Irgendwann bekommt jede weiße Weste einmal ihre ersten Flecken. Das liegt einfach am Gesetz der Serie. Denn Polen ist gewiss kein Gegner, der im Vorbeigehen geschlagen wird. Und dass Deutschlands Fußballnationalmannschaft in 18 Duellen mit dem Nachbarn überhaupt noch nie verloren hatte, ist schon aller Ehren wert. Schließlich besaß Polen in den 70er Jahren eine richtig starke Truppe. Die polnische Mannschaft anno 2014 war es allerdings vorbehalten, sich in die Fußball-Geschichtsbücher einzutragen. Ihr gelang der erste Sieg überhaupt gegen eine deutsche Auswahl.

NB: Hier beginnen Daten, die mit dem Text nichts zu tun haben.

text \<open>Only meaningful for \<open>0 < m\<close>.\<close>

definition weight_sum_des :: "nat \<Rightarrow> 'a" where
  "weight_sum_des m = (\<Sum>\<sigma>\<in>extremal_perms 0 (m - 1). weight (m # \<sigma>))"

lemma weight_sum_shift: "(\<Sum>\<pi>\<in>extremal_perms k (m + k). weight \<pi>) = weight_sum m"
  using sum_extremal_perms_shift[of weight 0 k m]
  by (simp add: weight_sum_def weight_map_strict_mono[OF strict_mono_add])

lemma weight_sum_0: "weight_sum 0 = 1"
  by (simp add: weight_sum_def extremal_perms_singleton weight_singleton)

lemma weight_sum_Suc: "weight_sum (Suc m) = weight_sum_asc (Suc m) + weight_sum_des (Suc m)"
  unfolding weight_sum_def weight_sum_asc_def weight_sum_des_def
  by (simp add: sum_extremal_perms_split)

lemma weight_sum_asc_1: "weight_sum_asc 1 = p * y"
  and weight_sum_des_1: "weight_sum_des 1 = q * z"
  by (simp_all add: weight_sum_asc_def weight_sum_des_def extremal_perms_singleton
      weight_asc_pair weight_des_pair)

Warschau. Jetzt hat es auch die deutsche Nationalmannschaft erwischt. Am zweiten Spieltag der Gruppe D in der EM-Qualifikation verlor das DFB-Team mit 0:2 (0:0) sein Match in Polen. Unverdient – meinten hinterher viele Experten und begründeten dies mit der unzureichenden Chancenverwertung. Die war in der Tat nicht prickelnd. Verdient – meinen wir. Denn Deutschland schaffte es eben auch nicht, die taktisch glänzend eingestellten Polen zu überwinden und aus dem zwischenzeitlichen Druck noch mehr Hochkaräter zu kreieren, den Treffer quasi zu erzwingen. Da fehlte etwas. Die absolute Gier. Die Panik wiederum in Bezug auf die zu große Belastung ist indes überflüssig wie ein Kropf. Es ist wie es ist. In anderen Sportarten wird angesichts dieser Debatte bereits wieder ungläubig mit dem Kopf geschüttelt. Denn vor dem Verletzungspech wurde doch auch immer betont, über welch einen exzellenten Kader – auch in der Breite – Joachim Löw verfügen würde.
Beste Möglichkeiten durch Leverkusens Bellarabi
Diese These hatte auch im Nationalstadion in Warschau ihre Berechtigung, wo etwas überraschend Neuling Karim Bellarabi von Bayer Leverkusen den Vorzug vor Lukas Podolski in der Startelf behalten hatte. Und der Debütant machte seine Aufgabe so gut, dass er von den RTL-Zuschauern hinterher gar als bester deutscher Kicker gekürt wurde. Verdientermaßen. Das einzige, was sich auch Bellarabi hinterher vorzuwerfen hatte: Mangels Erfahrung verdattelte er einige Male gute Chancen aus aussichtsreicher Position.
Beide Teams starteten mit dem nötigen Respekt vor ihrem Gegner. Deutschland legte diesen schneller ab. Thomas Müller und Mats Hummels mit einem Kopfball besaßen die ersten Möglichkeiten in der ersten Viertelstunde. Dann kam Karim Bellarabi: Götze hatte geflankt, der Leverkusener setzte das Leder nur knapp neben das polnische Gehäuse – und hatte bis zur Pause noch zwei Mal eine gute Möglichkeit, das 1:0 zu erzielen.
Polen kontert eiskalt, Podolski trifft die Latte
Im zweiten Abschnitt erwischten die gut eingestellten Polen das deutsche Team eiskalt. Einen schnellen Konter schloss der Dortmunder Lukasz Piszczek mit einer Flanke ab, die allerdings auch von Manuel Neuer unterschätzt wurde. Arkadiusz Milik war es egal – er köpfte zur Führung nach 51 Minuten ein. Das wollte sich Deutschland so nicht bieten lassen. Wieder war es Bellarabi, der in der 68. Minute hätte das 1:1 machen müssen, es frei vor dem polnischen Tor aber nicht tat. Löw reagierte (zu spät), brachte mit Lukas Podolski für einen schwachen Andre Schürrle frischen Wind ins Spiel.
Podolski war es dann auch, der mit einem tollen Schuss in der 80. Minute nur den Querbalken traf. Das hätte der verdiente Ausgleich sein können. Und weil Deutschland offenbar nicht wollte, besorgte den zweiten Treffer des Abends eben Polen. Robert Lewandowski legte für den eingewechselten Mila in der 88. Minute mustergültig auf. Der verwertete diese Chance zur 2:0-Entscheidung. Das deutsche Team war geschlagen – zum ersten Mal in einem Qualifikationspiel seit sieben Jahren, zum ersten Mal überhaupt gegen Polen.